When you transcribe the records that follow, reproduce each line exactly as given.

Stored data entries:
((

lemma open_contains_square:
  fixes S :: "(real \<times> real) set"
  assumes "open S" and "(u0, \<phi>0) \<in> S"
  obtains \<epsilon> where "\<epsilon> > 0"
    and "\<And>u \<phi>. \<bar>u - u0\<bar> < \<epsilon> \<Longrightarrow> \<bar>\<phi> - \<phi>0\<bar> < \<epsilon> \<Longrightarrow> (u, \<phi>) \<in> S"
proof -
  obtain \<delta> where "\<delta> > 0" and ball: "ball (u0, \<phi>0) \<delta> \<subseteq> S"
    using assms open_contains_ball by blast
  have "(u, \<phi>) \<in> S" if "\<bar>u - u0\<bar> < \<delta> / 2" "\<bar>\<phi> - \<phi>0\<bar> < \<delta> / 2" for u \<phi>
  proof -
    have "dist (u0, \<phi>0) (u, \<phi>) \<le> dist (u0, \<phi>0) (u, \<phi>0) + dist (u, \<phi>0) (u, \<phi>)"
      by (rule dist_triangle)
    also have "\<dots> = \<bar>u - u0\<bar> + \<bar>\<phi> - \<phi>0\<bar>"
      by (simp add: dist_Pair_Pair dist_real_def abs_minus_commute)
    finally show ?thesis using that ball by auto
  qed
  then show ?thesis using \<open>\<delta> > 0\<close> that[of "\<delta> / 2"] by auto
qed

locale orthonormal_pair =
  fixes e1 e2 :: "real^3"
  assumes norm_e1: "norm e1 = 1" and norm_e2: "norm e2 = 1" and inner_e1_e2: "inner e1 e2 = 0"
begin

))

▸ **RESPONSE FOR THIS EXERCISE**
lemma open_contains_square:
  fixes S :: "(real \<times> real) set"
  assumes "open S" and "(u0, \<phi>0) \<in> S"
  obtains \<epsilon> where "\<epsilon> > 0"
    and "\<And>u \<phi>. \<bar>u - u0\<bar> < \<epsilon> \<Longrightarrow> \<bar>\<phi> - \<phi>0\<bar> < \<epsilon> \<Longrightarrow> (u, \<phi>) \<in> S"
proof -
  obtain \<delta> where "\<delta> > 0" and ball: "ball (u0, \<phi>0) \<delta> \<subseteq> S"
    using assms open_contains_ball by blast
  have "(u, \<phi>) \<in> S" if "\<bar>u - u0\<bar> < \<delta> / 2" "\<bar>\<phi> - \<phi>0\<bar> < \<delta> / 2" for u \<phi>
  proof -
    have "dist (u0, \<phi>0) (u, \<phi>) \<le> dist (u0, \<phi>0) (u, \<phi>0) + dist (u, \<phi>0) (u, \<phi>)"
      by (rule dist_triangle)
    also have "\<dots> = \<bar>u - u0\<bar> + \<bar>\<phi> - \<phi>0\<bar>"
      by (simp add: dist_Pair_Pair dist_real_def abs_minus_commute)
    finally show ?thesis using that ball by auto
  qed
  then show ?thesis using \<open>\<delta> > 0\<close> that[of "\<delta> / 2"] by auto
qed

locale orthonormal_pair =
  fixes e1 e2 :: "real^3"
  assumes norm_e1: "norm e1 = 1" and norm_e2: "norm e2 = 1" and inner_e1_e2: "inner e1 e2 = 0"
begin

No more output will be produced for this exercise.